(* Let $V$ be a reflexive Banach space, $X$ a Banach space, $\gamma\in\mathcal{L}(V,X)$ with $c_\gamma:=\|\gamma\|_{\mathcal{L}(V,X)}$ and adjoint $\gamma^*\colon X^*\to V^*$. Let $A\colon V\to V^*$, $J\colon X\times X\to\mathbb{R}$ and $f\in V^*$ satisfy: (A1) $A$ is linear and bounded; (A2) $\langle Au,v\rangle_{V^*\times V}=\langle Av,u\rangle_{V^*\times V}$ for all $u,v\in V$; (A3) there is $m_A>0$ with $\langle Au,u\rangle_{V^*\times V}\ge m_A\|u\|_V^2$ for all $u\in V$; (J1) $J$ is locally Lipschitz continuous with respect to its second variable; (J2) there exist $c_0,c_1,c_2\ge 0$ with $\|\partial_2 J(w,v)\|_{X^*}\le c_0+c_1\|v\|_X+c_2\|w\|_X$ for all $w,v\in X$; (J3) there exist $m_\alpha,m_L\ge0$ such that $J_2^0(w_1,v_1;v_2-v_1)+J_2^0(w_2,v_2;v_1-v_2)\le m_\alpha\|v_1-v_2\|_X^2+m_L\|w_1-w_2\|_X\|v_1-v_2\|_X$ for all $w_1,w_2,v_1,v_2\in X$; (S) $m_A>(m_\alpha+m_L)c_\gamma^2$. Let $\mathcal{L}(w,v)=\tfrac12\langle Av,v\rangle_{V^*\times V}-\langle f,v\rangle_{V^*\times V}+J(\gamma w,\gamma v)$ for $w,v\in V$. Consider Problem (I): find $u\in V$ with $Au+\gamma^*\partial_2J(\gamma u,\gamma u)\ni f$; and Problem (O): find $u\in V$ with $0\in\partial_2\mathcal{L}(u,u)$. Then Problems (I) and (O) are equivalent (have the same solutions), they have a unique solution $u\in V$, and this solution satisfies $\|u\|_V\le c\,(1+\|f\|_{V^*})$ with a positive constant $c$.
   Context: For a locally Lipschitz function $g$ on a Banach space $Y$, the generalized (Clarke) directional derivative at $x$ in direction $v$ is $g^0(x;v)=\limsup_{y\to x,\lambda\searrow0}\frac{g(y+\lambda v)-g(y)}{\lambda}$, and the Clarke subdifferential is $\partial g(x)=\{\xi\in Y^*:\langle\xi,v\rangle\le g^0(x;v)\ \forall v\in Y\}$. For a function of two variables, $\partial_2$ and $(\cdot)_2^0$ denote the Clarke subdifferential and generalized directional derivative with respect to the second variable. $\|\partial_2J(w,v)\|_{X^*}$ denotes $\sup\{\|\xi\|_{X^*}:\xi\in\partial_2J(w,v)\}$. *)

theory Defs
  imports "HOL-Analysis.Analysis"
begin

══════════

> What you are asked to do
Your task is to write out, exactly, the line that contains "Context: For a" and each line after it to the end of the data, with no other lines.

> Completed task
   Context: For a locally Lipschitz function $g$ on a Banach space $Y$, the generalized (Clarke) directional derivative at $x$ in direction $v$ is $g^0(x;v)=\limsup_{y\to x,\lambda\searrow0}\frac{g(y+\lambda v)-g(y)}{\lambda}$, and the Clarke subdifferential is $\partial g(x)=\{\xi\in Y^*:\langle\xi,v\rangle\le g^0(x;v)\ \forall v\in Y\}$. For a function of two variables, $\partial_2$ and $(\cdot)_2^0$ denote the Clarke subdifferential and generalized directional derivative with respect to the second variable. $\|\partial_2J(w,v)\|_{X^*}$ denotes $\sup\{\|\xi\|_{X^*}:\xi\in\partial_2J(w,v)\}$. *)

theory Defs
  imports "HOL-Analysis.Analysis"
begin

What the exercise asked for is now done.